* About this task
Within the entries below, find the portion that opens with the line containing "p q \<longleftrightarrow>" and closes with the line containing "(src q) (src". Retype that portion exactly and only.

Start of Given data

(* Let $G=(V,E)$ be a simple undirected connected graph modeling a radio network, and let $F$ be a finite set of tours in $G$, each of which consists of a single link (i.e., each packet must be forwarded exactly once, from the tail to the head of its link), with all packets available at their source nodes from the start. Then the minimum number of rounds of a transmission schedule that delivers every packet of $F$ to its destination equals the chromatic number of the conflict graph of $F$.
   Context: Radio network model: a network is a simple undirected connected graph $G=(V,E)$; an oriented edge $(u,v)$ is a link $u\rightarrow v$ with tail $u$ and head $v$. Computation proceeds in synchronous rounds; in each round each node either transmits a message or listens. A node $v$ hears a message from its neighbor $u$ in round $t$ iff $v$ listens in round $t$ and $u$ is the only neighbor of $v$ transmitting in round $t$. A tour consists of a packet, its injection round, and a simple oriented path $\langle v_1,\dots,v_k\rangle$ it must traverse; its links are $v_i\rightarrow v_{i+1}$, its source is $v_1$ and its destination is $v_k$. The packet is routed along the tour when there are rounds $t_1<\dots<t_{k-1}$ (not earlier than the injection round) such that $v_i$ transmits the packet in round $t_i$ and $v_{i+1}$ hears it in round $t_i$. Conflicts: a node $w$ conflicts with a link $u\rightarrow v$ if $w=u$, or $w=v$, or $w$ and $v$ are neighbors; a node conflicts with a tour if it conflicts with some link of the tour. Two tours $f_0,f_1$ conflict if either they pass through a common node, or some node of one tour $f_i$ other than $f_i$'s destination conflicts with the other tour $f_{1-i}$. The conflict graph of a set $F$ of tours is the simple graph whose vertices are the tours in $F$, two distinct tours being adjacent iff they conflict. The chromatic number of a graph is the minimum number of colors in a proper vertex coloring. *)

theory Defs
  imports Main
begin

definition simple_graph :: "'v set \<Rightarrow> ('v \<Rightarrow> 'v \<Rightarrow> bool) \<Rightarrow> bool" where
  "simple_graph V E \<longleftrightarrow> finite V \<and> (\<forall>u v. E u v \<longrightarrow> u \<in> V \<and> v \<in> V)
     \<and> (\<forall>u v. E u v \<longrightarrow> E v u) \<and> (\<forall>u. \<not> E u u)"

definition connected_graph :: "'v set \<Rightarrow> ('v \<Rightarrow> 'v \<Rightarrow> bool) \<Rightarrow> bool" where
  "connected_graph V E \<longleftrightarrow> V \<noteq> {} \<and> (\<forall>u\<in>V. \<forall>v\<in>V. E\<^sup>*\<^sup>* u v)"

text \<open>A schedule assigns to each round t and node v either None (v listens)
or Some p (v transmits packet p).\<close>

type_synonym ('v,'p) schedule = "nat \<Rightarrow> 'v \<Rightarrow> 'p option"

definition hears :: "('v \<Rightarrow> 'v \<Rightarrow> bool) \<Rightarrow> ('v,'p) schedule \<Rightarrow> nat \<Rightarrow> 'v \<Rightarrow> 'v \<Rightarrow> bool" where
  "hears E s t u v \<longleftrightarrow> E u v \<and> s t v = None \<and> s t u \<noteq> None
     \<and> (\<forall>w. E w v \<and> s t w \<noteq> None \<longrightarrow> w = u)"

definition routes_all ::
  "('v \<Rightarrow> 'v \<Rightarrow> bool) \<Rightarrow> ('p \<Rightarrow> 'v) \<Rightarrow> ('p \<Rightarrow> 'v) \<Rightarrow> 'p set \<Rightarrow> ('v,'p) schedule \<Rightarrow> nat \<Rightarrow> bool" where
  "routes_all E src dst F s T \<longleftrightarrow>
     (\<forall>p\<in>F. \<exists>t<T. s t (src p) = Some p \<and> hears E s t (src p) (dst p))"

definition min_schedule_length ::
  "('v \<Rightarrow> 'v \<Rightarrow> bool) \<Rightarrow> ('p \<Rightarrow> 'v) \<Rightarrow> ('p \<Rightarrow> 'v) \<Rightarrow> 'p set \<Rightarrow> nat" where
  "min_schedule_length E src dst F = (LEAST T. \<exists>s. routes_all E src dst F s T)"

definition node_conflicts_link :: "('v \<Rightarrow> 'v \<Rightarrow> bool) \<Rightarrow> 'v \<Rightarrow> 'v \<Rightarrow> 'v \<Rightarrow> bool" where
  "node_conflicts_link E w u v \<longleftrightarrow> w = u \<or> w = v \<or> E w v"

text \<open>Conflict of two single-link tours p, q. The nodes of tour p are src p, dst p;
the only node other than the destination is src p.\<close>
definition tours_conflict ::
  "('v \<Rightarrow> 'v \<Rightarrow> bool) \<Rightarrow> ('p \<Rightarrow> 'v) \<Rightarrow> ('p \<Rightarrow> 'v) \<Rightarrow> 'p \<Rightarrow> 'p \<Rightarrow> bool" where
  "tours_conflict E src dst p q \<longleftrightarrow>
     {src p, dst p} \<inter> {src q, dst q} \<noteq> {}
     \<or> node_conflicts_link E (src p) (src q) (dst q)
     \<or> node_conflicts_link E (src q) (src p) (dst p)"

definition chromatic_number :: "'a set \<Rightarrow> ('a \<Rightarrow> 'a \<Rightarrow> bool) \<Rightarrow> nat" where
  "chromatic_number S adj = (LEAST k. \<exists>c :: 'a \<Rightarrow> nat.
      (\<forall>x\<in>S. c x < k) \<and> (\<forall>x\<in>S. \<forall>y\<in>S. x \<noteq> y \<and> adj x y \<longrightarrow> c x \<noteq> c y))"

end

theory Submission
  imports Defs
begin

text \<open>Colour each tour by the round in which its packet is delivered. Two tours delivered
in the same round cannot conflict, since a receiver that transmits, or that hears a second
neighbour, receives nothing; so a schedule of \<open>T\<close> rounds is a proper \<open>T\<close>-colouring of the
conflict graph. Conversely, letting the tours of colour \<open>t\<close> transmit in round \<open>t\<close> delivers
every packet, because all transmitters of a round are sources of pairwise non-conflicting
tours.\<close>

definition proper_coloring :: "'a set \<Rightarrow> ('a \<Rightarrow> 'a \<Rightarrow> bool) \<Rightarrow> ('a \<Rightarrow> nat) \<Rightarrow> nat \<Rightarrow> bool" where
  "proper_coloring S adj c k \<longleftrightarrow>
     (\<forall>x\<in>S. c x < k) \<and> (\<forall>x\<in>S. \<forall>y\<in>S. x \<noteq> y \<and> adj x y \<longrightarrow> c x \<noteq> c y)"

lemma chromatic_number_eq_Least_proper_coloring:
  "chromatic_number S adj = (LEAST k. \<exists>c. proper_coloring S adj c k)"
  by (simp add: chromatic_number_def proper_coloring_def)

lemma simultaneous_deliveries_not_conflict:
  assumes p: "s t (src p) = Some p" "hears E s t (src p) (dst p)"
    and q: "s t (src q) = Some q" "hears E s t (src q) (dst q)"
    and "p \<noteq> q"
  shows "\<not> tours_conflict E src dst p q"
proof -
  have srcs: "src p \<noteq> src q" using p(1) q(1) \<open>p \<noteq> q\<close> by auto
  have silent: "s t (dst p) = None" "s t (dst q) = None"
    using p(2) q(2) unfolding hears_def by blast+
  have "dst p \<noteq> src q" "dst q \<noteq> src p" using silent p(1) q(1) by auto
  moreover have "\<not> E (src q) (dst p)" using p(2) q(1) srcs unfolding hears_def by auto
  moreover have "\<not> E (src p) (dst q)" using q(2) p(1) srcs unfolding hears_def by auto
  moreover have "E (src q) (dst q)" using q(2) unfolding hears_def by blast
  ultimately show ?thesis using srcs
    unfolding tours_conflict_def node_conflicts_link_def by auto
qed

lemma routes_all_imp_proper_coloring:
  assumes "routes_all E src dst F s T"
  shows "\<exists>c. proper_coloring F (tours_conflict E src dst) c T"
proof -
  have "\<forall>p\<in>F. \<exists>t. t < T \<and> s t (src p) = Some p \<and> hears E s t (src p) (dst p)"
    using assms unfolding routes_all_def by blast
  from bchoice[OF this] obtain c
    where c: "\<forall>p\<in>F. c p < T \<and> s (c p) (src p) = Some p \<and> hears E s (c p) (src p) (dst p)"
    by blast
  have "c p \<noteq> c q" if "p \<in> F" "q \<in> F" "p \<noteq> q" "tours_conflict E src dst p q" for p q
  proof
    assume "c p = c q"
    have "s (c p) (src p) = Some p" "hears E s (c p) (src p) (dst p)"
      using c \<open>p \<in> F\<close> by auto
    moreover have "s (c p) (src q) = Some q" "hears E s (c p) (src q) (dst q)"
      using c \<open>q \<in> F\<close> \<open>c p = c q\<close> by auto
    ultimately have "\<not> tours_conflict E src dst p q"
      using \<open>p \<noteq> q\<close> by (rule simultaneous_deliveries_not_conflict)
    then show False using \<open>tours_conflict E src dst p q\<close> ..
  qed
  then show ?thesis using c unfolding proper_coloring_def by blast
qed

text \<open>For a proper colouring the \<open>SOME\<close> below picks a unique tour, since tours with a
common source conflict.\<close>

definition color_schedule :: "'p set \<Rightarrow> ('p \<Rightarrow> 'v) \<Rightarrow> ('p \<Rightarrow> nat) \<Rightarrow> ('v, 'p) schedule" where
  "color_schedule F src c t v =
     (if \<exists>p\<in>F. c p = t \<and> src p = v then Some (SOME p. p \<in> F \<and> c p = t \<and> src p = v) else None)"

lemma color_schedule_transmitter:
  assumes "color_schedule F src c t w \<noteq> None"
  obtains q where "q \<in> F" "c q = t" "src q = w"
  using assms unfolding color_schedule_def by (auto split: if_splits)

lemma color_schedule_source:
  assumes col: "proper_coloring F (tours_conflict E src dst) c k" and "p \<in> F"
  shows "color_schedule F src c (c p) (src p) = Some p"
proof -
  have unique: "q = p" if "q \<in> F" "c q = c p" "src q = src p" for q
  proof (rule ccontr)
    assume "q \<noteq> p"
    moreover have "tours_conflict E src dst q p" using that unfolding tours_conflict_def by auto
    ultimately show False using col that \<open>p \<in> F\<close> unfolding proper_coloring_def by metis
  qed
  have "\<exists>q. q \<in> F \<and> c q = c p \<and> src q = src p" using \<open>p \<in> F\<close> by blast
  from someI_ex[OF this] have "(SOME q. q \<in> F \<and> c q = c p \<and> src q = src p) = p"
    using unique by blast
  then show ?thesis using \<open>p \<in> F\<close> unfolding color_schedule_def by auto
qed

lemma color_schedule_delivers:
  assumes irrefl: "\<forall>u. \<not> E u u" and link: "E (src p) (dst p)"
    and col: "proper_coloring F (tours_conflict E src dst) c k" and "p \<in> F"
  shows "hears E (color_schedule F src c) (c p) (src p) (dst p)"
proof -
  let ?s = "color_schedule F src c"
  have same_color: "\<not> tours_conflict E src dst p q" if "q \<in> F" "c q = c p" "q \<noteq> p" for q
  proof
    assume "tours_conflict E src dst p q"
    with col \<open>q \<in> F\<close> \<open>q \<noteq> p\<close> \<open>p \<in> F\<close> have "c p \<noteq> c q"
      unfolding proper_coloring_def by auto
    with \<open>c q = c p\<close> show False by simp
  qed
  have receiver_silent: "?s (c p) (dst p) = None"
  proof (rule ccontr)
    assume "?s (c p) (dst p) \<noteq> None"
    then obtain q where q: "q \<in> F" "c q = c p" "src q = dst p"
      by (rule color_schedule_transmitter)
    have "q \<noteq> p" using q(3) link irrefl by metis
    then show False using same_color[OF q(1,2)] q(3) unfolding tours_conflict_def by auto
  qed
  have only_sender: "w = src p" if neighbour: "E w (dst p)" and "?s (c p) w \<noteq> None" for w
  proof -
    obtain q where q: "q \<in> F" "c q = c p" "src q = w"
      using \<open>?s (c p) w \<noteq> None\<close> by (rule color_schedule_transmitter)
    show ?thesis
      using same_color[OF q(1,2)] q(3) neighbour
      unfolding tours_conflict_def node_conflicts_link_def by auto
  qed
  have "?s (c p) (src p) = Some p" using col \<open>p \<in> F\<close> by (rule color_schedule_source)
  then show ?thesis
    using link receiver_silent only_sender unfolding hears_def by blast
qed

lemma proper_coloring_imp_routes_all:
  assumes irrefl: "\<forall>u. \<not> E u u" and links: "\<forall>p\<in>F. E (src p) (dst p)"
    and col: "proper_coloring F (tours_conflict E src dst) c k"
  shows "routes_all E src dst F (color_schedule F src c) k"
  unfolding routes_all_def
proof
  fix p assume "p \<in> F"
  then show "\<exists>t<k. color_schedule F src c t (src p) = Some p
      \<and> hears E (color_schedule F src c) t (src p) (dst p)"
    using col links color_schedule_source[OF col] color_schedule_delivers[OF irrefl _ col]
    unfolding proper_coloring_def by blast
qed

theorem theorem1:
  fixes V :: "'v set" and E :: "'v \<Rightarrow> 'v \<Rightarrow> bool"
    and F :: "'p set" and src dst :: "'p \<Rightarrow> 'v"
  assumes "simple_graph V E" and "connected_graph V E"
    and "finite F"
    and "\<forall>p\<in>F. E (src p) (dst p)"
  shows "min_schedule_length E src dst F = chromatic_number F (tours_conflict E src dst)"
proof -
  have irrefl: "\<forall>u. \<not> E u u" using assms(1) unfolding simple_graph_def by blast
  have "(\<exists>s. routes_all E src dst F s T) \<longleftrightarrow> (\<exists>c. proper_coloring F (tours_conflict E src dst) c T)"
    for T
    using routes_all_imp_proper_coloring
      proper_coloring_imp_routes_all[of E F src dst, OF irrefl assms(4)]
    by blast
  then show ?thesis
    unfolding min_schedule_length_def chromatic_number_eq_Least_proper_coloring by simp
qed

end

End of Given data

* Written answer
  "tours_conflict E src dst p q \<longleftrightarrow>
     {src p, dst p} \<inter> {src q, dst q} \<noteq> {}
     \<or> node_conflicts_link E (src p) (src q) (dst q)
     \<or> node_conflicts_link E (src q) (src p) (dst p)"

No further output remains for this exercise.